[The data]
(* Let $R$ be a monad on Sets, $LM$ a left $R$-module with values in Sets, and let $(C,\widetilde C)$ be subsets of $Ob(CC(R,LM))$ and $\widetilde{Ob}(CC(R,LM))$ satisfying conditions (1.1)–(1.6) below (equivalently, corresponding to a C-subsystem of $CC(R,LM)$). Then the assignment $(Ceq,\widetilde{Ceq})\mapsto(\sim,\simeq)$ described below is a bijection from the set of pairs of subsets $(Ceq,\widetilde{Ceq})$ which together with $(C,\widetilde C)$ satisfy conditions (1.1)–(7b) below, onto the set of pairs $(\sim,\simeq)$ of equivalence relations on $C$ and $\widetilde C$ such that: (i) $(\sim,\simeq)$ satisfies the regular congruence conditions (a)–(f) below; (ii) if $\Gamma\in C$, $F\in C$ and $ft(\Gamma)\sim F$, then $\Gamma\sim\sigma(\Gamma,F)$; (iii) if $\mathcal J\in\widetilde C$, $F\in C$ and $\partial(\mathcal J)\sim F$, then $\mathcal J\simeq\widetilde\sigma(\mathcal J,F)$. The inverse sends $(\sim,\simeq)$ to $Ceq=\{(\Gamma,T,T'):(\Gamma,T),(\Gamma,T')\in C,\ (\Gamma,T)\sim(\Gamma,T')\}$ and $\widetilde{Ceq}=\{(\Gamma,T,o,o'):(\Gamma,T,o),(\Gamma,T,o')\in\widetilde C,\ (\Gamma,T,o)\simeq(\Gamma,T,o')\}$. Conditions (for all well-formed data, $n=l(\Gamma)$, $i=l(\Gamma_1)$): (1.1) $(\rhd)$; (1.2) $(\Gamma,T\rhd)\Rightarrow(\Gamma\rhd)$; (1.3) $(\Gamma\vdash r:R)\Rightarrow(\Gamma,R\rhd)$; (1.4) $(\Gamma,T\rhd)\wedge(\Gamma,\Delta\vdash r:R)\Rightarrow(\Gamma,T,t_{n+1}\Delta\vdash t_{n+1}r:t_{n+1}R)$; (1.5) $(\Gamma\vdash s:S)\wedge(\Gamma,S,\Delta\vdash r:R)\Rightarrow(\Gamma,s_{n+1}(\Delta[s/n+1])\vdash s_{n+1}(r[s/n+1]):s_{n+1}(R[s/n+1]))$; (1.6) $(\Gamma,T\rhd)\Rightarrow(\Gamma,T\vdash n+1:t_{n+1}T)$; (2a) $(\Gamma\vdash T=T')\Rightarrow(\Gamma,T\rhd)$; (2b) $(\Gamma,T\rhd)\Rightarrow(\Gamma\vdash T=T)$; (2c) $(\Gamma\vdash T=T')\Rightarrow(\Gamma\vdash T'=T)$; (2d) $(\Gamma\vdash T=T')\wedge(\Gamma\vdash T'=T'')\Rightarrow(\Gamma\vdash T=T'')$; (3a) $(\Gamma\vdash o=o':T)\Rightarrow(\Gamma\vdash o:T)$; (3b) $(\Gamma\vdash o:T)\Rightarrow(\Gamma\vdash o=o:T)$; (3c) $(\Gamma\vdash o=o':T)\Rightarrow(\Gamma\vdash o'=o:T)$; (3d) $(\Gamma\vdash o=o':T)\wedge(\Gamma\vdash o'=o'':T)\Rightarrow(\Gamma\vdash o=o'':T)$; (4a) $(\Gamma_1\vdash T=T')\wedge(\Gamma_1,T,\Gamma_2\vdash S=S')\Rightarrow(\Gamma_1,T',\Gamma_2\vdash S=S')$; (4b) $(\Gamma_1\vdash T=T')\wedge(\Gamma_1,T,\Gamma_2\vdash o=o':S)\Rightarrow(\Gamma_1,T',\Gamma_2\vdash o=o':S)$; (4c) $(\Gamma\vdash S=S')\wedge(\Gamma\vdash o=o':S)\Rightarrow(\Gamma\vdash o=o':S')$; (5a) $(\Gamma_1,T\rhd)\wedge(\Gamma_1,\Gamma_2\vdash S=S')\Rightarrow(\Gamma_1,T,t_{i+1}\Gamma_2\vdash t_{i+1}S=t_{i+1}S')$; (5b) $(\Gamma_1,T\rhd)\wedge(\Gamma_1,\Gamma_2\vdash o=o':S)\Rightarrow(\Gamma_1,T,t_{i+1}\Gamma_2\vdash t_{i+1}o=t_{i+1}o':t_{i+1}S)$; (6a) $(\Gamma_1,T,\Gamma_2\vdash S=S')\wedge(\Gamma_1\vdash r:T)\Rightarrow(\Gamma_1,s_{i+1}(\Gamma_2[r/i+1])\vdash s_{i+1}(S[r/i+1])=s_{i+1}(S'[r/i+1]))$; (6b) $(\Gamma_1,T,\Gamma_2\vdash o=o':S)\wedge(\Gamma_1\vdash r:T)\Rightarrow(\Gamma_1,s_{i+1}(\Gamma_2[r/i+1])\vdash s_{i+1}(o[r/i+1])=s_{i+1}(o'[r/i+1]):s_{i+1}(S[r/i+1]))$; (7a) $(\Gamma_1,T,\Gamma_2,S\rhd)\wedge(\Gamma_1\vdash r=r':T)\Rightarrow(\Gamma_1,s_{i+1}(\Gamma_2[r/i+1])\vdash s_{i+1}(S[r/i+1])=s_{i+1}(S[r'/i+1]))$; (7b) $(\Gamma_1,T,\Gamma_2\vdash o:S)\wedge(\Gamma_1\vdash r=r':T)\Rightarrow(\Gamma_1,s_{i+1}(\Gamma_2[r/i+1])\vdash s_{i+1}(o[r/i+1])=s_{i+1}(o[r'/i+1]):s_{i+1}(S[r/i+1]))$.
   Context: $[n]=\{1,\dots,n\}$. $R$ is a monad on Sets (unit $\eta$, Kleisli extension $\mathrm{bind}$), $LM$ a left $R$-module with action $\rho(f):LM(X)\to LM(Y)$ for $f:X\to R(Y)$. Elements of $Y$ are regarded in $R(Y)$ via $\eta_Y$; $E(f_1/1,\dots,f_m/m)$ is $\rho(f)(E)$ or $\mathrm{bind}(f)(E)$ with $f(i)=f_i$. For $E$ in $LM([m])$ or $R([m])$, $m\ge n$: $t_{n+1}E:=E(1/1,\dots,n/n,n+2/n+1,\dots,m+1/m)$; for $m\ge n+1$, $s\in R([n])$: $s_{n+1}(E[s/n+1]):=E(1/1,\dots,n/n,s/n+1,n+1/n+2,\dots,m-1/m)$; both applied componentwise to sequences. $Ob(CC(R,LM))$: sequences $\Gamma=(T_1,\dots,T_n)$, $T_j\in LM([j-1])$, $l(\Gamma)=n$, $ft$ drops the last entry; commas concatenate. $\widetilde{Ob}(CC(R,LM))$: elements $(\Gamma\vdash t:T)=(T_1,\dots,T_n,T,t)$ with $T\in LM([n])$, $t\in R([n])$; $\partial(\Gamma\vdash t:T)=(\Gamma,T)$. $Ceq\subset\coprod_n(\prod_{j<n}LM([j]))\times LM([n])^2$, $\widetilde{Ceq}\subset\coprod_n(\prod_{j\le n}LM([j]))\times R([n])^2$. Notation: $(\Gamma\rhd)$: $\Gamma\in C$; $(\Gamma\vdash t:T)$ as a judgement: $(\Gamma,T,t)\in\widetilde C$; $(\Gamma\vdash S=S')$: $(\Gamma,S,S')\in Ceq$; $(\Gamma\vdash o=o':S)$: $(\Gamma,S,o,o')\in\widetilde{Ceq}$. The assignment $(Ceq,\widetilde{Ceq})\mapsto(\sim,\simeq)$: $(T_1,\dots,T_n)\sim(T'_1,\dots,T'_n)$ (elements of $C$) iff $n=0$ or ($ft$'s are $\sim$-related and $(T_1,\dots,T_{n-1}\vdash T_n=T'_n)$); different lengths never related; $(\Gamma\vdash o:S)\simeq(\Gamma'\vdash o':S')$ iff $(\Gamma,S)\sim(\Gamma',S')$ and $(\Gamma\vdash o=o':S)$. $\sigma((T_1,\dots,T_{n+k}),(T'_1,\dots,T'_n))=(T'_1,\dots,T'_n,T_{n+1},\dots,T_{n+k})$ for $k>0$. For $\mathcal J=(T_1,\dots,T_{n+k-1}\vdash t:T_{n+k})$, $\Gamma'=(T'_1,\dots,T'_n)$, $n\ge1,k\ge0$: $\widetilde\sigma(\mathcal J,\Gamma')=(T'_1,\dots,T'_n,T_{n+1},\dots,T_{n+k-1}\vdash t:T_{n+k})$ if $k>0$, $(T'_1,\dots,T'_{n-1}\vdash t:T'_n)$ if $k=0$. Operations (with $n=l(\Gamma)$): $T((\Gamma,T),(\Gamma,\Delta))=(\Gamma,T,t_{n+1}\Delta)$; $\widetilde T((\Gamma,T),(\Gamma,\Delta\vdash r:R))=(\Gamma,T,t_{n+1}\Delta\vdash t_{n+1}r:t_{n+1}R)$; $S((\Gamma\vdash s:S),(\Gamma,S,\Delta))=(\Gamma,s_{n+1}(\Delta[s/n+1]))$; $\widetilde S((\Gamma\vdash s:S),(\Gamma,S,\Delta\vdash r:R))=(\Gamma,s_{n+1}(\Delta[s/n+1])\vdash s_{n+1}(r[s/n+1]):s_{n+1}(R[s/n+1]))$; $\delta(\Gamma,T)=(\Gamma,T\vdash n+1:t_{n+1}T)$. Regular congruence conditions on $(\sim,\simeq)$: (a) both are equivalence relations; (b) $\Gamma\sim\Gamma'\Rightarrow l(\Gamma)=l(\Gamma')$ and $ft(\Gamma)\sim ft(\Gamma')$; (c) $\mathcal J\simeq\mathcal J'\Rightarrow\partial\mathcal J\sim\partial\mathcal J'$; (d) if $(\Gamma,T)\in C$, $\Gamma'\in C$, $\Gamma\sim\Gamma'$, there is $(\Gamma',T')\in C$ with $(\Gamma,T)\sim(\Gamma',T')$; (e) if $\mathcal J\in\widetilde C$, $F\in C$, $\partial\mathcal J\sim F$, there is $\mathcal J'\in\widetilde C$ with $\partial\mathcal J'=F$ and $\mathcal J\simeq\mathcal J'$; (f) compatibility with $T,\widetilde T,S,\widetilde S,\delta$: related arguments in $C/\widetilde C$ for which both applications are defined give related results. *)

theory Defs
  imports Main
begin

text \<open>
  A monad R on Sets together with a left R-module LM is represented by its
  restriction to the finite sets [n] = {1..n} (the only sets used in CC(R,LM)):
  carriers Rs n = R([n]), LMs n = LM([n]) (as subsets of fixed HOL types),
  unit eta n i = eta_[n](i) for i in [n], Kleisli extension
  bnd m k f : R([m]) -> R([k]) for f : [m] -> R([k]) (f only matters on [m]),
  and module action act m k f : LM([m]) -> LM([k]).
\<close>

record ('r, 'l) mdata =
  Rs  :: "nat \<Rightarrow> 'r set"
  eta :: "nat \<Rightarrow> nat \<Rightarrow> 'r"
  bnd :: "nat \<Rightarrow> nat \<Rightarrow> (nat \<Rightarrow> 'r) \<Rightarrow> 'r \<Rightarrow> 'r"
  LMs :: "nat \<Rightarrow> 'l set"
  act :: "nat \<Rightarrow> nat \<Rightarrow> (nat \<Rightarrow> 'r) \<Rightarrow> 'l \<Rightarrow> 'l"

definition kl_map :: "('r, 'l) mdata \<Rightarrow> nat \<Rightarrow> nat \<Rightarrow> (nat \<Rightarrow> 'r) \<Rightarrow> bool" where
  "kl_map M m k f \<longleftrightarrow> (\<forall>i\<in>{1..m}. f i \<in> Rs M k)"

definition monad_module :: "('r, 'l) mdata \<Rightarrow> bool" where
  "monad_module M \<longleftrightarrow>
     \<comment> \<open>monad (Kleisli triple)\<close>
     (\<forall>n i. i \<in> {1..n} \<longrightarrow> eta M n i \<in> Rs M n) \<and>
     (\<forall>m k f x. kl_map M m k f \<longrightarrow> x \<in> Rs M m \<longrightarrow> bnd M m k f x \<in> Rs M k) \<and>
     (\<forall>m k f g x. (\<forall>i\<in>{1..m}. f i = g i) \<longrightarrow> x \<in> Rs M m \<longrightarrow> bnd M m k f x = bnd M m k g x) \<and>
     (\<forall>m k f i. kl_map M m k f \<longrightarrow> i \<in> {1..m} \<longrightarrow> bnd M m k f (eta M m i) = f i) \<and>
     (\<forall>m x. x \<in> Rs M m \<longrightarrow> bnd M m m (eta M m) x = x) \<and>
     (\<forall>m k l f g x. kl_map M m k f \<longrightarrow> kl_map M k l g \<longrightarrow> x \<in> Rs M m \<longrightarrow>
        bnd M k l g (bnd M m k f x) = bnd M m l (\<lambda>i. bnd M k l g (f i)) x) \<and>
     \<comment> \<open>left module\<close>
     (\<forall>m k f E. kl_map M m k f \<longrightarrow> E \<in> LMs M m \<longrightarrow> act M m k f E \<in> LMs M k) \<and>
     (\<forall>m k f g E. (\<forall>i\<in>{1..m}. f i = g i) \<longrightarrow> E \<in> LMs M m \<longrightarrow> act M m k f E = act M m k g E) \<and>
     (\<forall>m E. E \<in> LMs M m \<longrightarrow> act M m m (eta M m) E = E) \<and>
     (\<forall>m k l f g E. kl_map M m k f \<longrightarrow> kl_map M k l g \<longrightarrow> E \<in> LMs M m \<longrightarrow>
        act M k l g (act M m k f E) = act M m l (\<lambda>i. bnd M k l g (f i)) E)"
[/The data]
_What the exercise asks:_ Please output the lines of the listing above that fall in the stretch from the one with "(nat \<Rightarrow> 'r) \<Rightarrow> 'l" through the one with "(\<forall>m k f g E.", exactly and only those.

_Response:_
  act :: "nat \<Rightarrow> nat \<Rightarrow> (nat \<Rightarrow> 'r) \<Rightarrow> 'l \<Rightarrow> 'l"

definition kl_map :: "('r, 'l) mdata \<Rightarrow> nat \<Rightarrow> nat \<Rightarrow> (nat \<Rightarrow> 'r) \<Rightarrow> bool" where
  "kl_map M m k f \<longleftrightarrow> (\<forall>i\<in>{1..m}. f i \<in> Rs M k)"

definition monad_module :: "('r, 'l) mdata \<Rightarrow> bool" where
  "monad_module M \<longleftrightarrow>
     \<comment> \<open>monad (Kleisli triple)\<close>
     (\<forall>n i. i \<in> {1..n} \<longrightarrow> eta M n i \<in> Rs M n) \<and>
     (\<forall>m k f x. kl_map M m k f \<longrightarrow> x \<in> Rs M m \<longrightarrow> bnd M m k f x \<in> Rs M k) \<and>
     (\<forall>m k f g x. (\<forall>i\<in>{1..m}. f i = g i) \<longrightarrow> x \<in> Rs M m \<longrightarrow> bnd M m k f x = bnd M m k g x) \<and>
     (\<forall>m k f i. kl_map M m k f \<longrightarrow> i \<in> {1..m} \<longrightarrow> bnd M m k f (eta M m i) = f i) \<and>
     (\<forall>m x. x \<in> Rs M m \<longrightarrow> bnd M m m (eta M m) x = x) \<and>
     (\<forall>m k l f g x. kl_map M m k f \<longrightarrow> kl_map M k l g \<longrightarrow> x \<in> Rs M m \<longrightarrow>
        bnd M k l g (bnd M m k f x) = bnd M m l (\<lambda>i. bnd M k l g (f i)) x) \<and>
     \<comment> \<open>left module\<close>
     (\<forall>m k f E. kl_map M m k f \<longrightarrow> E \<in> LMs M m \<longrightarrow> act M m k f E \<in> LMs M k) \<and>
     (\<forall>m k f g E. (\<forall>i\<in>{1..m}. f i = g i) \<longrightarrow> E \<in> LMs M m \<longrightarrow> act M m k f E = act M m k g E) \<and>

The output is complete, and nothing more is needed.